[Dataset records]
lemma is_norm_lipschitz:
  fixes N :: "real^'n \<Rightarrow> real"
  assumes "is_norm N"
  obtains C where "C-lipschitz_on UNIV N"
proof -
  obtain C where "C > 0" and C: "\<And>x. N x \<le> C * norm x"
    using is_norm_le_norm[OF assms] by blast
  have "dist (N x) (N y) \<le> C * dist x y" for x y
    using is_norm_triangle[OF assms, of "x - y" y] is_norm_triangle[OF assms, of "y - x" x]
      is_norm_minus[OF assms, of "x - y"] C[of "x - y"]
    by (simp add: dist_real_def dist_norm abs_le_iff)
  then show thesis
    using \<open>C > 0\<close> by (intro that lipschitz_onI) auto
qed

lemma is_norm_continuous_on:
  fixes N :: "real^'n \<Rightarrow> real"
  shows "is_norm N \<Longrightarrow> continuous_on S N"
  by (metis continuous_on_subset is_norm_lipschitz lipschitz_on_continuous_on subset_UNIV)

lemma is_norm_ge_norm:
  fixes N :: "real^'n \<Rightarrow> real"
  assumes "is_norm N"
  obtains c where "c > 0" "\<And>x. c * norm x \<le> N x"
proof -
  obtain y :: "real^'n" where y: "norm y = 1" and min: "\<And>z. norm z = 1 \<Longrightarrow> N y \<le> N z"
    using continuous_attains_inf[OF compact_sphere _ is_norm_continuous_on[OF assms], of 0 1]
    by (auto simp: sphere_eq_empty)
  have "N y * norm x \<le> N x" for x
  proof (cases "x = 0")
    case False
    then have "N y \<le> N (x /\<^sub>R norm x)"
      by (intro min) simp
    with False show ?thesis
      by (simp add: is_norm_scaleR[OF assms] field_simps)
  qed (use assms in simp)
  moreover have "N y > 0"
    using y is_norm_pos[OF assms, of y] by (metis norm_zero zero_neq_one)
  ultimately show thesis
    using that by blast
qed

lemma closed_unit_ball: "is_norm N \<Longrightarrow> closed (unit_ball (N :: real^'n \<Rightarrow> real))"
  unfolding unit_ball_def
  by (intro closed_Collect_le is_norm_continuous_on continuous_on_const)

- **Work request**:
Quote the data above in full, changing nothing.

- **Exercise output**:
lemma is_norm_lipschitz:
  fixes N :: "real^'n \<Rightarrow> real"
  assumes "is_norm N"
  obtains C where "C-lipschitz_on UNIV N"
proof -
  obtain C where "C > 0" and C: "\<And>x. N x \<le> C * norm x"
    using is_norm_le_norm[OF assms] by blast
  have "dist (N x) (N y) \<le> C * dist x y" for x y
    using is_norm_triangle[OF assms, of "x - y" y] is_norm_triangle[OF assms, of "y - x" x]
      is_norm_minus[OF assms, of "x - y"] C[of "x - y"]
    by (simp add: dist_real_def dist_norm abs_le_iff)
  then show thesis
    using \<open>C > 0\<close> by (intro that lipschitz_onI) auto
qed

lemma is_norm_continuous_on:
  fixes N :: "real^'n \<Rightarrow> real"
  shows "is_norm N \<Longrightarrow> continuous_on S N"
  by (metis continuous_on_subset is_norm_lipschitz lipschitz_on_continuous_on subset_UNIV)

lemma is_norm_ge_norm:
  fixes N :: "real^'n \<Rightarrow> real"
  assumes "is_norm N"
  obtains c where "c > 0" "\<And>x. c * norm x \<le> N x"
proof -
  obtain y :: "real^'n" where y: "norm y = 1" and min: "\<And>z. norm z = 1 \<Longrightarrow> N y \<le> N z"
    using continuous_attains_inf[OF compact_sphere _ is_norm_continuous_on[OF assms], of 0 1]
    by (auto simp: sphere_eq_empty)
  have "N y * norm x \<le> N x" for x
  proof (cases "x = 0")
    case False
    then have "N y \<le> N (x /\<^sub>R norm x)"
      by (intro min) simp
    with False show ?thesis
      by (simp add: is_norm_scaleR[OF assms] field_simps)
  qed (use assms in simp)
  moreover have "N y > 0"
    using y is_norm_pos[OF assms, of y] by (metis norm_zero zero_neq_one)
  ultimately show thesis
    using that by blast
qed

lemma closed_unit_ball: "is_norm N \<Longrightarrow> closed (unit_ball (N :: real^'n \<Rightarrow> real))"
  unfolding unit_ball_def
  by (intro closed_Collect_le is_norm_continuous_on continuous_on_const)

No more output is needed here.